Family of Missing FBI Agent Accuses Iran of Torture

WASHINGTON (CN) – Ten years ago, while visiting a resort island just off the coast of Iran, former FBI agent Robert Levinson disappeared.

Three weeks later, the Iranian government announced through its news outlet that it had detained Levinson but planned to release him soon. Since then, the only times Levinson’s wife and seven children have seen him are in hostage-style videos allegedly meant to build up a ruse that the Iranian government had nothing to do with his capture.

Now, after more than a decade of watching U.S. officials negotiate back and forth with Iran to no avail, Levinson’s family has filed a federal lawsuit seeking to make Iran pay for their emotional distress.

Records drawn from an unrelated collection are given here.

lemma mtrace_mult_add_smult_one:
  assumes "A \<in> carrier_mat n n" "B \<in> carrier_mat n n"
  shows "mtrace (A * (B + c \<cdot>\<^sub>m 1\<^sub>m n)) = mtrace (A * B) + c * mtrace A"
proof -
  have "A * (c \<cdot>\<^sub>m 1\<^sub>m n) = c \<cdot>\<^sub>m A"
    using mult_smult_distrib[OF assms(1) one_carrier_mat, of c] assms(1) by simp
  then have "A * (B + c \<cdot>\<^sub>m 1\<^sub>m n) = A * B + c \<cdot>\<^sub>m A"
    using assms by (simp add: mult_add_distrib_mat)
  then show ?thesis
    using mtrace_add[OF mult_carrier_mat[OF assms] smult_carrier_mat[OF assms(1)]] mtrace_smult[OF assms(1)]
    by simp
qed

definition hs_norm_sq :: "complex mat \<Rightarrow> real" where
  "hs_norm_sq A = Re (mtrace (madj A * A))"

lemma mtrace_madj_mult_self:
  assumes "A \<in> carrier_mat n m"
  shows "mtrace (madj A * A) = complex_of_real (\<Sum>j<m. \<Sum>k<n. (cmod (A $$ (k,j)))\<^sup>2)"
proof -
  have "mtrace (madj A * A) = (\<Sum>j<m. \<Sum>k<n. cnj (A $$ (k,j)) * A $$ (k,j))"
    using assms by (simp add: mtrace_def madj_mult_eq)
  also have "\<dots> = (\<Sum>j<m. \<Sum>k<n. complex_of_real ((cmod (A $$ (k,j)))\<^sup>2))"
    by (intro sum.cong refl) (subst complex_norm_square, simp only: mult.commute)
  finally show ?thesis by simp
qed

lemma hs_norm_sq_eq:
  "A \<in> carrier_mat n m \<Longrightarrow> hs_norm_sq A = (\<Sum>j<m. \<Sum>k<n. (cmod (A $$ (k,j)))\<^sup>2)"
  by (simp add: hs_norm_sq_def mtrace_madj_mult_self)

lemma hs_norm_sq_pos:
  assumes "A \<in> carrier_mat n m" "i < n" "j < m" "A $$ (i,j) \<noteq> 0"
  shows "hs_norm_sq A > 0"
proof -
  have "0 < (cmod (A $$ (i,j)))\<^sup>2" using assms(4) by simp
  also have "\<dots> \<le> (\<Sum>k<n. (cmod (A $$ (k,j)))\<^sup>2)"
    using assms(2) by (intro member_le_sum) auto
  also have "\<dots> \<le> (\<Sum>j<m. \<Sum>k<n. (cmod (A $$ (k,j)))\<^sup>2)"
    using assms(3) by (intro member_le_sum sum_nonneg) auto
  finally show ?thesis using hs_norm_sq_eq[OF assms(1)] by simp
qed

lemma qform_gram:
  assumes "W \<in> carrier_mat m n"
  shows "qform n (madj W * W) v = complex_of_real (\<Sum>r<m. (cmod (\<Sum>q<n. W $$ (r,q) * v $ q))\<^sup>2)"
proof -
  have "qform n (madj W * W) v =
      (\<Sum>p<n. \<Sum>q<n. \<Sum>r<m. cnj (W $$ (r,p) * v $ p) * (W $$ (r,q) * v $ q))"
    unfolding qform_def madj_mult_eq[OF assms assms]
    by (intro sum.cong refl) (simp add: sum_distrib_left sum_distrib_right mult.assoc mult.left_commute)
  also have "\<dots> = (\<Sum>r<m. \<Sum>p<n. \<Sum>q<n. cnj (W $$ (r,p) * v $ p) * (W $$ (r,q) * v $ q))"
    by (subst sum.swap, rule sum.cong[OF refl], rule sum.swap)
  also have "\<dots> = (\<Sum>r<m. cnj (\<Sum>p<n. W $$ (r,p) * v $ p) * (\<Sum>q<n. W $$ (r,q) * v $ q))"
    by (simp only: cnj_sum sum_product)
  also have "\<dots> = (\<Sum>r<m. complex_of_real ((cmod (\<Sum>q<n. W $$ (r,q) * v $ q))\<^sup>2))"
    by (intro sum.cong refl) (subst complex_norm_square, simp only: mult.commute)
  finally show ?thesis by simp
qed

lemma psd_gram: "W \<in> carrier_mat m n \<Longrightarrow> psd n (madj W * W)"
  unfolding psd_def by (auto simp: qform_gram intro: sum_nonneg)


section \<open>The spectral theorem for Hermitian matrices\<close>

definition vec_norm_sq :: "nat \<Rightarrow> complex vec \<Rightarrow> real" where
  "vec_norm_sq n w = (\<Sum>i<n. (cmod (w $ i))\<^sup>2)"
lemma finite_cube_copies:
  assumes "G \<subseteq> qedges n"
  shows "finite (cube_copies n m G)"
proof (rule finite_subset)
  show "cube_copies n m G \<subseteq> Pow (qverts n) \<times> Pow G"
    unfolding cube_copies_def by auto
  show "finite (Pow (qverts n) \<times> Pow G)"
    using assms finite_qedges finite_qverts by (meson finite_Pow_iff finite_SigmaI rev_finite_subset)
qed

lemma copy_through_new_edge:
  assumes "e \<in> qedges n" "e \<notin> G" "G \<subseteq> qedges n"
    and "(V, E) \<in> cube_copies n m (insert e G)" "e \<in> E"
  shows "card (cube_copies n m G) < card (cube_copies n m (insert e G))"
proof (rule psubset_card_mono)
  show "finite (cube_copies n m (insert e G))"
    using assms by (intro finite_cube_copies) auto
  have "cube_copies n m G \<subseteq> cube_copies n m (insert e G)"
    unfolding cube_copies_def by blast
  moreover have "(V, E) \<notin> cube_copies n m G"
    using assms(2,5) unfolding cube_copies_def by auto
  ultimately show "cube_copies n m G \<subset> cube_copies n m (insert e G)"
    using assms(4) by blast
qed

definition subcube_vertex :: "nat set \<Rightarrow> (nat \<Rightarrow> nat) \<Rightarrow> nat set \<Rightarrow> nat set" where
  "subcube_vertex x g A = x \<triangle> g ` A"

definition subcube_edges :: "nat set \<Rightarrow> (nat \<Rightarrow> nat) \<Rightarrow> nat \<Rightarrow> nat set set set" where
  "subcube_edges x g m =
     {{subcube_vertex x g u, subcube_vertex x g v} | u v. u \<in> qverts m \<and> v \<in> qverts m \<and> qadj u v}"
(* There are lattice reduction triples and formulas of mv-ATL*$_\to$ that do not satisfy the translation condition, i.e., for which $[\![\varphi]\!]_{M,\xi}\in f^{-1}(x)$ iff $[\![\varphi]\!]_{f(M),\xi}=x$ fails for some mv-CGS $M$, state or path $\xi$, and value $x$.
   Context: Let $\mathcal{L}=(L,\leq)$ be a finite lattice with meet $\sqcap$, join $\sqcup$, least element $\bot$ and greatest element $\top$; for a family of elements, $\inf$ denotes its greatest lower bound (lattice meet) and $\bigsqcup$ its least upper bound (lattice join). Given a countable set $\mathcal{C}$ of constant symbols, an interpreted lattice is $\mathcal{L}^+=(L,\leq,\sigma)$ with $\sigma:\mathcal{C}\to L$. A multi-valued concurrent game structure (mv-CGS) over $\mathcal{L}^+$ is $M=\langle \mathrm{Agt},Q,Act,d,t,AP,V,\mathcal{L}^+\rangle$ with finite sets of agents, states, actions and atomic propositions, action availability $d$, deterministic transition function $t$, and multi-valued valuation $V:AP\times Q\to L$. Formulas of mv-ATL*$_\to$: state formulas $\varphi::=c\mid p\mid\varphi\wedge\varphi\mid\varphi\vee\varphi\mid\varphi\to\varphi\mid\langle\!\langle A\rangle\!\rangle\gamma\mid[\![A]\!]\gamma$, path formulas $\gamma::=\varphi\mid\gamma\wedge\gamma\mid\gamma\vee\gamma\mid X\gamma\mid\gamma U\gamma\mid\gamma W\gamma$. Semantics: $[\![c]\!]_{M,q}=\sigma(c)$; $[\![p]\!]_{M,q}=V(p,q)$; $\wedge,\vee$ by $\sqcap,\sqcup$; $[\![X\gamma]\!]_{M,\lambda}=[\![\gamma]\!]_{M,\lambda[1..\infty]}$; $[\![\gamma_1U\gamma_2]\!]_{M,\lambda}=\bigsqcup_{i\ge 0}\inf_{0\le j<i}\{[\![\gamma_2]\!]_{M,\lambda[i..\infty]}\sqcap[\![\gamma_1]\!]_{M,\lambda[j..\infty]}\}$; $[\![\gamma_1W\gamma_2]\!]_{M,\lambda}=\inf_{i\ge0}[\![\gamma_1]\!]_{M,\lambda[i..\infty]}\sqcup[\![\gamma_1U\gamma_2]\!]_{M,\lambda}$; $[\![\langle\!\langle A\rangle\!\rangle\gamma]\!]_{M,q}=\bigsqcup_{s_A\in\Sigma_A}\inf_{\lambda\in out(q,s_A)}[\![\gamma]\!]_{M,\lambda}$; $[\![[\![A]\!]\gamma]\!]_{M,q}=\inf_{s_A}\bigsqcup_{\lambda\in out(q,s_A)}[\![\gamma]\!]_{M,\lambda}$; $[\![\varphi_1\to\varphi_2]\!]_{M,q}=\top$ if $[\![\varphi_1]\!]_{M,q}\le[\![\varphi_2]\!]_{M,q}$ and $\bot$ otherwise. A lattice reduction triple (LRT) is $(\mathcal{L},\mathcal{L}_f,f)$ where $\mathcal{L}_f=(L_f,\leq_f)$ is a sublattice of $\mathcal{L}$ and $f:L\to L_f$ preserves arbitrary bounds: $f(\inf_{i\in I}x_i)=\inf_{i\in I}f(x_i)$ and $f(\bigsqcup_{i\in I}x_i)=\bigsqcup_{i\in I}f(x_i)$. The image $f(M)$ of an mv-CGS $M$ has the same components except valuation $V_f(p,q)=f(V(p,q))$ and interpreted lattice $(L_f,\leq_f,\sigma_f)$ with $\sigma_f(c)=f(\sigma(c))$. A formula $\varphi$ satisfies the translation condition if for every state (resp. path) $\xi$: $[\![\varphi]\!]_{M,\xi}\in f^{-1}(x)$ iff $[\![\varphi]\!]_{f(M),\xi}=x$. *)

theory Defs
  imports Main
begin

“To deprive a prisoner of any contact with his family or his homeland for ten years constitutes psychological torture,” the family claims in the 14-page complaint filed Tuesday in Washington, D.C., federal court. “To deprive the prisoner’s family of any contact with him as well as any knowledge of his status, his whereabouts or his well-being is wanton cruelty. The Levinson family has suffered grievously from these actions and continues to suffer.”

The Levinsons say Robert’s disappearance stole the center from their “close knit and loving family,” as he has missed weddings, graduations and even his young grandson’s battle with cancer.

“In order to maintain its false story, Iran has held Robert Levinson incommunicado,” the lawsuit states. “As a result, for the last ten years he has had no contact with the outside world, including the government of the United States and most importantly, his wife and seven children. The only persons with whom Robert Levinson had contact with since March of 2007 are his captors.”

The family has also been forced to read death threats and watch random videos showing Robert “pleading for his life,” which they say is part of an attempt to make it look like some entity other than Iran is holding their patriarch.

One such video was attached to an email demanding $3 million, though the people who sent the family the message gave them no way to comply with the demand, according to the complaint.

“The threatening messages, along with the video and photographs described above, were enormously disturbing to the Levinson family,” the complaint states. “They were intended to and did create significant emotional trauma in the entire family.”

The Levinsons have looked on as the United Nations Human Rights Council and the United States government have pressured Iran to release Robert. Sometimes his release has seemed within reach, according to the complaint, including once in October 2011 when Iran offered to turn over Levinson in exchange for a postponement of an international report on Iran’s nuclear program.

Robert’s children say they have even traveled to Iran to talk directly with the Iranian government about their father’s release.

Represented by James Byram Jr., an attorney with the Alabama firm Balch Bingham, Levinson’s wife Christine and their seven children are suing Iran under the Foreign Sovereign Immunities Act’s terrorism exemption, which allows U.S. citizens to sue states that support terrorism or torture.

They seek an unspecified amount of compensatory and punitive damages.

Byram did not respond to a request for comment sent Wednesday afternoon.

A statement from the Levinson family on the website www.helpboblevinson.com asks the question, “When is enough enough?

“It has been 10 years since Robert Levinson, our amazing husband, father and grandfather, was arrested on Kish Island, Iran, and imprisoned. For 10 years the government of Iran has been allowed to dodge and weave every time it was asked to come clean about what happened to Bob and send him home,” the family said. “Where is the outrage of this treatment of an American citizen? For 10 years, over and over and over again, two U.S. Presidents abandoned him, a lifelong public servant. Even Bob’s government co-workers and their bosses – they know who they are – ran away when he disappeared, to their lasting shame. Ten years is beyond enough.”